[GIVEN DATA Boundary: Start]

(* Let $r\ge 2$ and $m$ be integers with $0\le 2m\le r$, $n=2r-4m$, and let $f:S^2(S^r(\mathbb{C}^2))\to S^{n}(\mathbb{C}^2)$ be an $\mathfrak{sl}_2(\mathbb{C})$-equivariant linear map, written $f=\sum_{k=0}^n q_k w_k$, each $q_k$ viewed as a symmetric bilinear form on $S^r(\mathbb{C}^2)$. Then for every $0\le k\le n/2$, $$\mathrm{rk}(q_k)=\mathrm{rk}(q_{n-k})\le 2m+k+1.$$
   Context: $\mathfrak{sl}_2(\mathbb{C})$ has basis $X=\begin{pmatrix}0&1\\0&0\end{pmatrix}$, $H=\begin{pmatrix}1&0\\0&-1\end{pmatrix}$, $Y=\begin{pmatrix}0&0\\1&0\end{pmatrix}$, acting on the irreducible modules $S^d(\mathbb{C}^2)$. Let $w_0\in S^n(\mathbb{C}^2)$ be a highest weight vector and $w_k=Y^kw_0/k!$ ($0\le k\le n$). Writing $f=\sum_{k=0}^n q_kw_k$ means $f(u)=\sum_k q_k(u)w_k$ for linear forms $q_k$ on $S^2(S^r(\mathbb{C}^2))$, equivalently symmetric bilinear forms $(u,v)\mapsto q_k(uv)$ on $S^r(\mathbb{C}^2)$; $\mathrm{rk}$ denotes the rank of the bilinear form. *)

theory Defs
  imports "HOL-Analysis.Analysis" "Jordan_Normal_Form.DL_Rank"
begin

text \<open>Model of S^d(C^2): a vector is a coefficient function v :: nat => complex,
  where v i is the coefficient of the monomial x^(d-i) y^i (0 <= i <= d),
  and v i = 0 for i > d.  The sl_2 action is by the derivations
  X = x d/dy, H = x d/dx - y d/dy, Y = y d/dx.\<close>

definition symp :: "nat \<Rightarrow> (nat \<Rightarrow> complex) set" where
  "symp d = {v. \<forall>i>d. v i = 0}"

definition actX :: "nat \<Rightarrow> (nat \<Rightarrow> complex) \<Rightarrow> (nat \<Rightarrow> complex)" where
  "actX d v = (\<lambda>i. if i < d then of_nat (i + 1) * v (i + 1) else 0)"

definition actH :: "nat \<Rightarrow> (nat \<Rightarrow> complex) \<Rightarrow> (nat \<Rightarrow> complex)" where
  "actH d v = (\<lambda>i. if i \<le> d then (of_nat d - 2 * of_nat i) * v i else 0)"

definition actY :: "nat \<Rightarrow> (nat \<Rightarrow> complex) \<Rightarrow> (nat \<Rightarrow> complex)" where
  "actY d v = (\<lambda>i. if 1 \<le> i \<and> i \<le> d then of_nat (d + 1 - i) * v (i - 1) else 0)"

definition ebasis :: "nat \<Rightarrow> (nat \<Rightarrow> complex)" where
  "ebasis i = (\<lambda>j. if j = i then 1 else 0)"

definition highest_weight_vector :: "nat \<Rightarrow> (nat \<Rightarrow> complex) \<Rightarrow> bool" where
  "highest_weight_vector d w \<longleftrightarrow> w \<in> symp d \<and> w \<noteq> (\<lambda>_. 0) \<and> actX d w = (\<lambda>_. 0)"

definition wvec :: "nat \<Rightarrow> (nat \<Rightarrow> complex) \<Rightarrow> nat \<Rightarrow> (nat \<Rightarrow> complex)" where
  "wvec d w0 k = (\<lambda>i. ((actY d ^^ k) w0) i / of_nat (fact k))"

text \<open>A linear map f : S^2(S^r(C^2)) -> S^n(C^2) is given by the symmetric
  bilinear map B(u,v) = f(uv) on S^r(C^2).  It is sl_2-equivariant iff
  g.B(u,v) = B(g.u,v) + B(u,g.v) for g in {X,H,Y}.\<close>
definition equivariant_sym_bilinear ::
  "nat \<Rightarrow> nat \<Rightarrow> ((nat \<Rightarrow> complex) \<Rightarrow> (nat \<Rightarrow> complex) \<Rightarrow> (nat \<Rightarrow> complex)) \<Rightarrow> bool" where
  "equivariant_sym_bilinear r n B \<longleftrightarrow>
     (\<forall>u\<in>symp r. \<forall>v\<in>symp r. B u v \<in> symp n \<and> B u v = B v u) \<and>
     (\<forall>a b. \<forall>u\<in>symp r. \<forall>u'\<in>symp r. \<forall>v\<in>symp r.
        B (\<lambda>i. a * u i + b * u' i) v = (\<lambda>i. a * B u v i + b * B u' v i)) \<and>
     (\<forall>u\<in>symp r. \<forall>v\<in>symp r.
        actX n (B u v) = (\<lambda>i. B (actX r u) v i + B u (actX r v) i) \<and>
        actH n (B u v) = (\<lambda>i. B (actH r u) v i + B u (actH r v) i) \<and>
        actY n (B u v) = (\<lambda>i. B (actY r u) v i + B u (actY r v) i))"

definition bilin_rank :: "nat \<Rightarrow> ((nat \<Rightarrow> complex) \<Rightarrow> (nat \<Rightarrow> complex) \<Rightarrow> complex) \<Rightarrow> nat" where
  "bilin_rank r q = vec_space.rank (r + 1)
      (mat (r + 1) (r + 1) (\<lambda>(i, j). q (ebasis i) (ebasis j)))"

end

(*
  By H-equivariance, B(e_a, e_c) is a multiple of w_(a+c-2m), so the Gram matrix
  of q_k is supported on the antidiagonal a + c = k + 2m and its rank is the number of nonzero
  entries there, at most 2m + k + 1.  These coefficients t(a, c) satisfy a recursion coming from
  X-equivariance and relations on the lowest antidiagonal a + c = 2m coming from Y, which
  together determine t up to a scalar (S^n occurs at most once in S^2(S^r)).  The reflection
  t(r - a, r - c), i.e. swapping x and y, satisfies the same relations, so it is a multiple of t
  by a nonzero factor; as it maps the antidiagonal of q_k onto that of q_(n-k), the two ranks
  agree.
*)
theory Submission
  imports Defs
begin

[GIVEN DATA Boundary: End]

Set down the data above once more so that nothing differs from the original.

RESULT OF THIS TASK:
(* Let $r\ge 2$ and $m$ be integers with $0\le 2m\le r$, $n=2r-4m$, and let $f:S^2(S^r(\mathbb{C}^2))\to S^{n}(\mathbb{C}^2)$ be an $\mathfrak{sl}_2(\mathbb{C})$-equivariant linear map, written $f=\sum_{k=0}^n q_k w_k$, each $q_k$ viewed as a symmetric bilinear form on $S^r(\mathbb{C}^2)$. Then for every $0\le k\le n/2$, $$\mathrm{rk}(q_k)=\mathrm{rk}(q_{n-k})\le 2m+k+1.$$
   Context: $\mathfrak{sl}_2(\mathbb{C})$ has basis $X=\begin{pmatrix}0&1\\0&0\end{pmatrix}$, $H=\begin{pmatrix}1&0\\0&-1\end{pmatrix}$, $Y=\begin{pmatrix}0&0\\1&0\end{pmatrix}$, acting on the irreducible modules $S^d(\mathbb{C}^2)$. Let $w_0\in S^n(\mathbb{C}^2)$ be a highest weight vector and $w_k=Y^kw_0/k!$ ($0\le k\le n$). Writing $f=\sum_{k=0}^n q_kw_k$ means $f(u)=\sum_k q_k(u)w_k$ for linear forms $q_k$ on $S^2(S^r(\mathbb{C}^2))$, equivalently symmetric bilinear forms $(u,v)\mapsto q_k(uv)$ on $S^r(\mathbb{C}^2)$; $\mathrm{rk}$ denotes the rank of the bilinear form. *)

theory Defs
  imports "HOL-Analysis.Analysis" "Jordan_Normal_Form.DL_Rank"
begin

text \<open>Model of S^d(C^2): a vector is a coefficient function v :: nat => complex,
  where v i is the coefficient of the monomial x^(d-i) y^i (0 <= i <= d),
  and v i = 0 for i > d.  The sl_2 action is by the derivations
  X = x d/dy, H = x d/dx - y d/dy, Y = y d/dx.\<close>

definition symp :: "nat \<Rightarrow> (nat \<Rightarrow> complex) set" where
  "symp d = {v. \<forall>i>d. v i = 0}"

definition actX :: "nat \<Rightarrow> (nat \<Rightarrow> complex) \<Rightarrow> (nat \<Rightarrow> complex)" where
  "actX d v = (\<lambda>i. if i < d then of_nat (i + 1) * v (i + 1) else 0)"

definition actH :: "nat \<Rightarrow> (nat \<Rightarrow> complex) \<Rightarrow> (nat \<Rightarrow> complex)" where
  "actH d v = (\<lambda>i. if i \<le> d then (of_nat d - 2 * of_nat i) * v i else 0)"

definition actY :: "nat \<Rightarrow> (nat \<Rightarrow> complex) \<Rightarrow> (nat \<Rightarrow> complex)" where
  "actY d v = (\<lambda>i. if 1 \<le> i \<and> i \<le> d then of_nat (d + 1 - i) * v (i - 1) else 0)"

definition ebasis :: "nat \<Rightarrow> (nat \<Rightarrow> complex)" where
  "ebasis i = (\<lambda>j. if j = i then 1 else 0)"

definition highest_weight_vector :: "nat \<Rightarrow> (nat \<Rightarrow> complex) \<Rightarrow> bool" where
  "highest_weight_vector d w \<longleftrightarrow> w \<in> symp d \<and> w \<noteq> (\<lambda>_. 0) \<and> actX d w = (\<lambda>_. 0)"

definition wvec :: "nat \<Rightarrow> (nat \<Rightarrow> complex) \<Rightarrow> nat \<Rightarrow> (nat \<Rightarrow> complex)" where
  "wvec d w0 k = (\<lambda>i. ((actY d ^^ k) w0) i / of_nat (fact k))"

text \<open>A linear map f : S^2(S^r(C^2)) -> S^n(C^2) is given by the symmetric
  bilinear map B(u,v) = f(uv) on S^r(C^2).  It is sl_2-equivariant iff
  g.B(u,v) = B(g.u,v) + B(u,g.v) for g in {X,H,Y}.\<close>
definition equivariant_sym_bilinear ::
  "nat \<Rightarrow> nat \<Rightarrow> ((nat \<Rightarrow> complex) \<Rightarrow> (nat \<Rightarrow> complex) \<Rightarrow> (nat \<Rightarrow> complex)) \<Rightarrow> bool" where
  "equivariant_sym_bilinear r n B \<longleftrightarrow>
     (\<forall>u\<in>symp r. \<forall>v\<in>symp r. B u v \<in> symp n \<and> B u v = B v u) \<and>
     (\<forall>a b. \<forall>u\<in>symp r. \<forall>u'\<in>symp r. \<forall>v\<in>symp r.
        B (\<lambda>i. a * u i + b * u' i) v = (\<lambda>i. a * B u v i + b * B u' v i)) \<and>
     (\<forall>u\<in>symp r. \<forall>v\<in>symp r.
        actX n (B u v) = (\<lambda>i. B (actX r u) v i + B u (actX r v) i) \<and>
        actH n (B u v) = (\<lambda>i. B (actH r u) v i + B u (actH r v) i) \<and>
        actY n (B u v) = (\<lambda>i. B (actY r u) v i + B u (actY r v) i))"

definition bilin_rank :: "nat \<Rightarrow> ((nat \<Rightarrow> complex) \<Rightarrow> (nat \<Rightarrow> complex) \<Rightarrow> complex) \<Rightarrow> nat" where
  "bilin_rank r q = vec_space.rank (r + 1)
      (mat (r + 1) (r + 1) (\<lambda>(i, j). q (ebasis i) (ebasis j)))"

end

(*
  By H-equivariance, B(e_a, e_c) is a multiple of w_(a+c-2m), so the Gram matrix
  of q_k is supported on the antidiagonal a + c = k + 2m and its rank is the number of nonzero
  entries there, at most 2m + k + 1.  These coefficients t(a, c) satisfy a recursion coming from
  X-equivariance and relations on the lowest antidiagonal a + c = 2m coming from Y, which
  together determine t up to a scalar (S^n occurs at most once in S^2(S^r)).  The reflection
  t(r - a, r - c), i.e. swapping x and y, satisfies the same relations, so it is a multiple of t
  by a nonzero factor; as it maps the antidiagonal of q_k onto that of q_(n-k), the two ranks
  agree.
*)
theory Submission
  imports Defs
begin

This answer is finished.